The discussion about greater defense integration in Europe and more cooperation for the development of a common industrial base has sparked a lively debate about Europe’s defense and the trans-Atlantic relationship.
Italy is taking a leading role, as it always has, in the integration process because it sees Europe as a strategic choice and a multiplier of resources to tackle future challenges.
But Italy does not see European strategic autonomy as a go-it-alone policy. It views it as a confirmation of Europe’s role as a pillar in the collective security structure based on the trans-Atlantic pact.
The future of European defense cannot be separated from solid trans-Atlantic integration. Today, just as in the past, the United States must stay connected to Europe and to NATO — at the center of a reciprocal security and defense relationship.
Italy wants to build up its own defense capabilities in the context of this European project. But it nevertheless holds the deep conviction that the trans-Atlantic relationship is essential for guaranteeing the country a geopolitical position in keeping with its ambitions and technology base.

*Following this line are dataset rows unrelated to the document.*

lemma ktree_no_loop: "ktree k V E \<Longrightarrow> {x} \<notin> E"
  using ktree_edge[of k V E "{x}"] by auto

lemma ktree_finite_edges: "ktree k V E \<Longrightarrow> finite E"
  using ktree_finite[of k V E] ktree_edge_subset[of k V E] finite_subset[of E "Pow V"] by blast

definition clique :: "'a set set \<Rightarrow> 'a set \<Rightarrow> bool" where
  "clique F C \<longleftrightarrow> (\<forall>u\<in>C. \<forall>v\<in>C. u \<noteq> v \<longrightarrow> {u, v} \<in> F)"

lemma clique_subset: "clique F C \<Longrightarrow> D \<subseteq> C \<Longrightarrow> clique F D"
  unfolding clique_def by blast

lemma clique_insert: "clique F C \<Longrightarrow> \<forall>c\<in>C. {w, c} \<in> F \<Longrightarrow> clique F (insert w C)"
  unfolding clique_def using insert_commute[of _ w "{}"] by auto

definition induced_iso :: "('a \<Rightarrow> 'b) \<Rightarrow> 'a set \<Rightarrow> 'a set set \<Rightarrow> 'b set \<Rightarrow> 'b set set \<Rightarrow> bool" where
  "induced_iso f V E X F \<longleftrightarrow> bij_betw f V X \<and> (\<forall>u\<in>V. \<forall>v\<in>V. {u, v} \<in> E \<longleftrightarrow> {f u, f v} \<in> F)"

lemma complete_edges_memI:
  "u \<noteq> v \<Longrightarrow> u \<in> V \<Longrightarrow> v \<in> V \<Longrightarrow> {u, v} \<in> {e. \<exists>u v. e = {u, v} \<and> u \<noteq> v \<and> u \<in> V \<and> v \<in> V}"
  by (rule CollectI, rule exI[of _ u], rule exI[of _ v]) simp

lemma induced_iso_complete:
  assumes "finite V" "finite X" "card X = card V" "clique F X" "\<And>x. {x} \<notin> F"
  shows "\<exists>f. induced_iso f V {e. \<exists>u v. e = {u, v} \<and> u \<noteq> v \<and> u \<in> V \<and> v \<in> V} X F"
proof -
  obtain f where f: "bij_betw f V X"
    using finite_same_card_bij assms(1-3) by metis
  have "{u, v} \<in> {e. \<exists>u v. e = {u, v} \<and> u \<noteq> v \<and> u \<in> V \<and> v \<in> V} \<longleftrightarrow> {f u, f v} \<in> F"
    if "u \<in> V" "v \<in> V" for u v
  proof (cases "u = v")
    case True
    then show ?thesis
      using assms(5) by (auto simp: doubleton_eq_iff)
  next
    case False
    then have "f u \<noteq> f v"
      using f that by (metis bij_betw_inv_into_left)
    moreover have "f u \<in> X" "f v \<in> X"
      using f that by (auto dest: bij_betwE)
    ultimately have "{f u, f v} \<in> F"
      using assms(4) unfolding clique_def by blast
    moreover have "{u, v} \<in> {e. \<exists>u v. e = {u, v} \<and> u \<noteq> v \<and> u \<in> V \<and> v \<in> V}"
      using False that by blast
    ultimately show ?thesis
      by blast
  qed
  with f show ?thesis
    unfolding induced_iso_def by blast
qed

lemma induced_iso_insert:
  assumes iso: "induced_iso f V E X F" and E: "\<forall>e\<in>E. e \<subseteq> V"
    and "w \<notin> V" "w' \<notin> X" "C \<subseteq> V" "{w'} \<notin> F"
    and nbrs: "\<forall>x\<in>X. {w', x} \<in> F \<longleftrightarrow> x \<in> f ` C"
  shows "induced_iso (f(w := w')) (insert w V) (E \<union> {{w, c} | c. c \<in> C}) (insert w' X) F"
proof -
  have bij: "bij_betw f V X" and adj: "\<forall>u\<in>V. \<forall>v\<in>V. {u, v} \<in> E \<longleftrightarrow> {f u, f v} \<in> F"
    using iso unfolding induced_iso_def by auto
  have "bij_betw (f(w := w')) V X"
    by (rule bij_betw_cong[THEN iffD2, OF _ bij]) (use \<open>w \<notin> V\<close> in auto)
  then have "bij_betw (f(w := w')) (V \<union> {w}) (X \<union> {w'})"
    using \<open>w' \<notin> X\<close> by (intro bij_betw_combine) auto
  then have bij': "bij_betw (f(w := w')) (insert w V) (insert w' X)"
    by simp
  have new_edge: "{w, v} \<in> E \<union> {{w, c} | c. c \<in> C} \<longleftrightarrow> {w', f v} \<in> F" if "v \<in> V" for v
  proof -
    have "{w, v} \<in> E \<union> {{w, c} | c. c \<in> C} \<longleftrightarrow> v \<in> C"
      using E \<open>w \<notin> V\<close> that by (auto simp: doubleton_eq_iff)
    also have "\<dots> \<longleftrightarrow> f v \<in> f ` C"
      using bij \<open>C \<subseteq> V\<close> that by (auto simp: bij_betw_def inj_on_def)
    also have "\<dots> \<longleftrightarrow> {w', f v} \<in> F"
      using nbrs bij that by (auto simp: bij_betw_def)
    finally show ?thesis .
  qed
  have "{u, v} \<in> E \<union> {{w, c} | c. c \<in> C} \<longleftrightarrow> {(f(w := w')) u, (f(w := w')) v} \<in> F"
    if u: "u \<in> insert w V" and v: "v \<in> insert w V" for u v
  proof -
    consider "u = w" "v = w" | "u = w" "v \<in> V" | "u \<in> V" "v = w" | "u \<in> V" "v \<in> V"
      using u v by blast
    then show ?thesis
    proof cases
      case 1
      have "{w} \<notin> E \<union> {{w, c} | c. c \<in> C}"
        using E \<open>w \<notin> V\<close> \<open>C \<subseteq> V\<close> by (auto simp: doubleton_eq_iff)
      with 1 \<open>{w'} \<notin> F\<close> show ?thesis
        by simp
    next
      case 2
      with new_edge[of v] \<open>w \<notin> V\<close> show ?thesis
        by auto
    next
      case 3
      with new_edge[of u] \<open>w \<notin> V\<close> show ?thesis
        by (auto simp: insert_commute)
    next
      case 4
      then have "{u, v} \<notin> {{w, c} | c. c \<in> C}"
        using \<open>w \<notin> V\<close> by auto
      with 4 adj \<open>w \<notin> V\<close> show ?thesis
        by auto
    qed
  qed
  with bij' show ?thesis
    unfolding induced_iso_def by blast
qed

Our country has a privileged relationship with the United States, which is reflected in consolidated industrial cooperation through which high-quality Italian defense technology can compete in the U.S. market and be considered domestic technology.
The defense sector is an incubator of technological innovation that links international security and an industry that multiplies the value of investment — a huge factor in the relaunch and growth of economies, above all during crises like the one we face today.
It is crucial that we ensure the continuation of cooperation with the U.S., allowing Italian industry to carry on offering its products on the U.S. market and building its market share.
It is also crucial to continue investing in the value of the defense sector, and I believe it is essential, even given the serious social and economic consequences of the pandemic, that politicians impress on the public the importance of modernizing the armed forces to protect the sovereignty and economic prosperity of future generations.
Italy is firmly committed to burden-sharing, and future budgets will use multiyear funding to support investment in the defense industry to help its development, innovation and competitiveness in foreign markets.
That means cooperation — particularly trans-Atlantic cooperation — is essential to the success of new programs that will boost the growth of Italian industry and help the attainment of national ambitions.
One of these ambitions is to have advanced technology and a globally competitive national industry to allow Italy to continue to be a relevant participant in the most innovative programs, particularly those launched by its friend and ally, the U.S.
Today, important trans-Atlantic industrial team-ups give us satisfaction and greater ambition for future cooperation, from Fincantieri’s frigates for the U.S. Navy, to Beretta, to Iveco’s amphibious vehicles, to Leonardo — obviously — with helicopters and the F-35 program, which also involves numerous small firms who have been able to increase their presence in the U.S. market.
To better define the aims of Italy’s defense sector, I am prioritizing the development of a precise industrial and technological strategy, which can shape institutional support designed to protect Italy’s technological superiority and the competitiveness of its know-how in the world.
It’s know-how and a patrimony of technological excellence and innovation that allows our industry to be increasingly competitive abroad and part of major international programs, thanks to the continual reinforcement of our loyal and friendly relations with our traditional allies — with the United States a principal point of reference. That means a combining of efforts to tackle and overcome global and technological challenges.
When those efforts are trans-Atlantic, there is a natural multiplying factor of the human, political, technological and cultural resources involved.
In the uncertain world we live in, the defense industry is a solid guarantee of innovation and jobs, and a source of economic relaunch and investment for future generations. It is therefore necessary to ensure that this sector of our economy continues to maintain and increase its technological and commercial relevance.
Italy is aware of this and will continue to give all its institutional support, where necessary and possible, to an industrial sector that is always ready for the challenge of making technological breakthroughs. And I am certain that if the country sticks to this task, our friend and ally, the United States, will continue to support our ambition, overcoming any obstacles to the progress of our nations.
Lorenzo Guerini is Italy’s defense minister.